The Ultimaker is a great 3D printer that is known in the desktop 3D printing community for printing quickly and reliably. It can use both ABS and PLA filament, and the original is made from a lasercut plywood construction and assembled using slotted "t-nuts" (The community calls these bolted joints t-nuts even though these aren't real T-Nuts, which you can use to clamp parts to a mill bed, among other things).
This sounds similar to my FASBot! Here I will look into the similarities and differences between the two.
To start, the material, while also wood, is plywood, as opposed to MDF. According to some online sources (http://www.diffen.com/difference/MDF_vs_Plywood), plywood is stiffer than MDF an is less sensitive to moisture.

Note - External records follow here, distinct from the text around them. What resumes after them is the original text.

text \<open>tr_k(f): A_j = f_j(0), B_j = f_j'(0)/k, C_j = f_j(l_j), D_j = - f_j'(l_j)/k.
  For k = 0 we set B_j = D_j = 0 (as in the paper, where f is constant).\<close>
definition trace_vec :: "real ^ 'e \<Rightarrow> real \<Rightarrow> ('e \<Rightarrow> real \<Rightarrow> complex) \<Rightarrow> complex ^ ('e \<times> coord)" where
  "trace_vec L k f = (\<chi> p. (case snd p of
       cA \<Rightarrow> f (fst p) 0
     | cB \<Rightarrow> (if k = 0 then 0 else edge_deriv L f (fst p) 0 / complex_of_real k)
     | cC \<Rightarrow> f (fst p) (L $ fst p)
     | cD \<Rightarrow> (if k = 0 then 0 else - edge_deriv L f (fst p) (L $ fst p) / complex_of_real k)))"

definition expkl :: "real \<Rightarrow> real ^ 'e \<Rightarrow> complex ^ 'e" where
  "expkl k L = (\<chi> j. exp (\<i> * complex_of_real (k * L $ j)))"

definition trace_space :: "('e::finite \<Rightarrow> 'v) \<Rightarrow> ('e \<Rightarrow> 'v)
                           \<Rightarrow> ((complex ^ 'e) \<times> (complex ^ ('e \<times> coord))) set" where
  "trace_space org trm = {(expkl k L, trace_vec L k f) | L k f.
      (\<forall>j. L $ j > 0) \<and> k \<in> spec org trm L \<and> f \<in> Eig org trm L k}"

definition Sigma_set :: "('e::finite \<Rightarrow> 'v) \<Rightarrow> ('e \<Rightarrow> 'v) \<Rightarrow> (complex ^ 'e) set" where
  "Sigma_set org trm = fst ` trace_space org trm"

definition torus :: "(complex ^ 'e) set" where
  "torus = {z. \<forall>j. norm (z $ j) = 1}"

How much stiffer is plywood than MDF? According to
Matweb, the Young's Modulus of plywood is 9.8 GPa. According to
MakeItFrom, the Young's Modulus of MDF is only 4GPa. Plywood is over twice as stiff!
This is probably bcause MDF is compressed bits of wood fibers while plywood has long grains. It's the difference between baking a cake of carbon fiber shavings and epoxy versus making a tube from longer strands of carbon fiber epoxied together. The latter will be stronger.

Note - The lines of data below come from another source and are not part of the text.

(* (i) Let $n\ge 3$ with $n\ne 4,6$, and $q>\frac12$. If $u\in C^{6}(\mathbb{R}^{n})$, $u>0$, is a radially symmetric solution of $\Delta^{3}u=u^{-q}$ in $\mathbb{R}^{n}$ with $\liminf_{|x|\to+\infty}u(x)/|x|^{4}\in(0,+\infty]$, then $$\lim_{|x|\to+\infty}\frac{u(x)}{|x|^{4}}=\frac{1}{8n(n+2)}\lim_{|x|\to+\infty}\Delta^{2}u(x)\in(0,+\infty).$$ (ii) Let $n\ge 2$, $q>0$, and let $u\in C^{6}(\mathbb{R}^{n})$, $u>0$, be a radially symmetric solution of $\Delta^{3}u=u^{-q}$ in $\mathbb{R}^{n}$. (a) If $\lim_{|x|\to+\infty}\Delta^{2}u(x)\in(0,+\infty]$, then $\liminf_{|x|\to+\infty}u(x)/|x|^{4}\in(0,+\infty]$; if moreover $n\ge 3$, $n\ne 4,6$ and $q>\frac12$, then the limit formula in (i) holds. (b) If $\lim_{|x|\to+\infty}\Delta^{2}u(x)=0$, then $\Delta^{2}u<0$ and $\Delta u>0$ in $\mathbb{R}^{n}$, and there is $C>0$ with $u(x)\le C|x|^{2}$ for all $|x|$ sufficiently large. *)

theory Defs
  imports "HOL-Analysis.Analysis"
begin

text \<open>Points of R^n are vectors of type real^'n (n = CARD('n)).
  Partial derivative of f in the i-th coordinate direction.\<close>
definition partial :: "'n::finite \<Rightarrow> (real^'n \<Rightarrow> real) \<Rightarrow> real^'n \<Rightarrow> real" where
  "partial i f x = deriv (\<lambda>t. f (x + t *\<^sub>R axis i 1)) 0"

definition laplacian :: "(real^'n::finite \<Rightarrow> real) \<Rightarrow> real^'n \<Rightarrow> real" where
  "laplacian f x = (\<Sum>i\<in>UNIV. partial i (partial i f) x)"

fun Ck :: "nat \<Rightarrow> (real^'n::finite \<Rightarrow> real) \<Rightarrow> bool" where
  "Ck 0 f = continuous_on UNIV f"
| "Ck (Suc k) f = (continuous_on UNIV f \<and>
      (\<forall>i x. (\<lambda>t. f (x + t *\<^sub>R axis i 1)) differentiable (at 0)) \<and>
      (\<forall>i. Ck k (partial i f)))"

definition radial :: "(real^'n::finite \<Rightarrow> real) \<Rightarrow> bool" where
  "radial u \<longleftrightarrow> (\<forall>x y. norm x = norm y \<longrightarrow> u x = u y)"

definition radial_sol :: "real \<Rightarrow> (real^'n::finite \<Rightarrow> real) \<Rightarrow> bool" where
  "radial_sol q u \<longleftrightarrow> Ck 6 u \<and> (\<forall>x. u x > 0) \<and> radial u \<and>
     (\<forall>x. laplacian (laplacian (laplacian u)) x = u x powr (- q))"

end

The main structure forms a cube that is held together with slots and tabs for alignment, and "T-nuts" to keep everything together.
The printer uses belt drive for the X-Y axes, and a hefty leadscrew for the Z axis. Here are the main guides that transmit force to the printer head. A single, long bushing is pressed through each, that looks about 3X as long as the diameter of the shaft. Saint Venant strikes again! The belts are tensioned using those little clamps sticking out the sides.
Each axis has a pair of these guides, spaced far apart. Each slides along a shaft that also transmits motor torque. The axis shafts are held at each end with a radial bearing that are held in place with a pair of plates (shown above disassembled).
Like my FASBot clamp axes, the Ultimaker transmits motor force to one direct leader slide and one follower slide through a belt transmission. Using this construction, force can be applied to both sides at once, preventing jamming. Each pair of slides pushes another shaft sideways, causing the printer head to move. The printer can still slide along this shaft, but is constrained by an orthogonal shaft coupled to another pair of slides.
The build platform is the carriage of the Z axis. It has two beefy sides to allow it to be cantilevered without much deflection, and a pair linear bearings allow it to move only up and down.
The bearings are held in place with stacked parts. Note that the length of this bearing is about 3X the diameter of the guide shaft. Saint Venant!
The leadscrew is constrained at the bottom using a rigid shaft coupling that attaches a stepper motor located underneath the printer bottom plate. A bearing supports the shaft coupling, and thus the leadscrew, axially. The leadsrew is not constrained at all from the top, which would allow it to. This is acceptable, because the printer process is only sensitive while the bed is moving downward, and this occurs in tiny steps of 0.001" (~ 20 microns) at a time. The only forces the leadscrew will see are downward gravitational forces.